[Dataset entries]
lemma nn_integral_cond_pmf:
  fixes Y :: "'w \<Rightarrow> 'y::countable" and p :: "'w \<Rightarrow> 'y \<Rightarrow> ennreal"
    and \<phi> :: "'y \<Rightarrow> 'b \<Rightarrow> ennreal"
  assumes [measurable]: "Y \<in> M \<rightarrow>\<^sub>M count_space UNIV" "X \<in> M \<rightarrow>\<^sub>M N"
      "\<And>y. (\<lambda>\<omega>. p \<omega> y) \<in> borel_measurable M" "\<And>y. \<phi> y \<in> borel_measurable N"
    and joint: "\<And>D y. D \<in> sets N \<Longrightarrow> emeasure M {\<omega>\<in>space M. X \<omega> \<in> D \<and> Y \<omega> = y}
                    = (\<integral>\<^sup>+\<omega>. p \<omega> y * indicator {\<omega>\<in>space M. X \<omega> \<in> D} \<omega> \<partial>M)"
  shows "(\<integral>\<^sup>+\<omega>. \<phi> (Y \<omega>) (X \<omega>) \<partial>M) = (\<integral>\<^sup>+\<omega>. \<integral>\<^sup>+y. p \<omega> y * \<phi> y (X \<omega>) \<partial>count_space UNIV \<partial>M)"
proof -
  have fiber: "(\<integral>\<^sup>+\<omega>. indicator {\<omega>\<in>space M. Y \<omega> = y} \<omega> * \<phi> y (X \<omega>) \<partial>M)
      = (\<integral>\<^sup>+\<omega>. p \<omega> y * \<phi> y (X \<omega>) \<partial>M)" for y
  proof -
    \<comment> \<open>X has the same law under M restricted to \<open>{Y = y}\<close> as under the density \<open>p _ y\<close>.\<close>
    define q :: "'w \<Rightarrow> ennreal" where "q \<omega> = indicator {\<omega>\<in>space M. Y \<omega> = y} \<omega>" for \<omega>
    define r where "r \<omega> = p \<omega> y" for \<omega>
    have [measurable]: "q \<in> borel_measurable M" "r \<in> borel_measurable M"
      unfolding q_def r_def by measurable
    have "distr (density M q) N X = distr (density M r) N X"
    proof (rule measure_eqI)
      fix D assume "D \<in> sets (distr (density M q) N X)"
      then have [measurable]: "D \<in> sets N" by simp
      have XD: "X -` D \<inter> space M \<in> sets M" by measurable
      have "emeasure (distr (density M q) N X) D = (\<integral>\<^sup>+\<omega>. q \<omega> * indicator (X -` D \<inter> space M) \<omega> \<partial>M)"
        by (simp add: emeasure_distr emeasure_density XD)
      also have "\<dots> = (\<integral>\<^sup>+\<omega>. indicator {\<omega>\<in>space M. X \<omega> \<in> D \<and> Y \<omega> = y} \<omega> \<partial>M)"
        unfolding q_def by (intro nn_integral_cong) (auto split: split_indicator)
      also have "\<dots> = (\<integral>\<^sup>+\<omega>. r \<omega> * indicator {\<omega>\<in>space M. X \<omega> \<in> D} \<omega> \<partial>M)"
        unfolding r_def by (subst nn_integral_indicator) (measurable, rule joint, simp)
      also have "\<dots> = (\<integral>\<^sup>+\<omega>. r \<omega> * indicator (X -` D \<inter> space M) \<omega> \<partial>M)"
        by (intro nn_integral_cong) (auto split: split_indicator)
      also have "\<dots> = emeasure (distr (density M r) N X) D"
        by (simp add: emeasure_distr emeasure_density XD)
      finally show "emeasure (distr (density M q) N X) D = emeasure (distr (density M r) N X) D" .
    qed simp
    then have "(\<integral>\<^sup>+\<theta>. \<phi> y \<theta> \<partial>distr (density M q) N X) = (\<integral>\<^sup>+\<theta>. \<phi> y \<theta> \<partial>distr (density M r) N X)"
      by simp
    then show ?thesis
      by (simp add: nn_integral_distr nn_integral_density q_def r_def)
  qed
  have "(\<integral>\<^sup>+\<omega>. \<phi> (Y \<omega>) (X \<omega>) \<partial>M)
      = (\<integral>\<^sup>+\<omega>. \<integral>\<^sup>+y. indicator {\<omega>\<in>space M. Y \<omega> = y} \<omega> * \<phi> y (X \<omega>) \<partial>count_space UNIV \<partial>M)"
    by (intro nn_integral_cong) (simp add: nn_integral_count_space_fiber_indicator)
  also have "\<dots> = (\<integral>\<^sup>+y. \<integral>\<^sup>+\<omega>. p \<omega> y * \<phi> y (X \<omega>) \<partial>M \<partial>count_space UNIV)"
    by (subst nn_integral_count_space_nn_integral) (auto simp: fiber)
  also have "\<dots> = (\<integral>\<^sup>+\<omega>. \<integral>\<^sup>+y. p \<omega> y * \<phi> y (X \<omega>) \<partial>count_space UNIV \<partial>M)"
    by (subst nn_integral_count_space_nn_integral) auto
  finally show ?thesis .
qed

• WHAT YOU HAVE TO DO
How many of the lines above contain the string "then"? Give the number only.

• ANSWER SPACE
3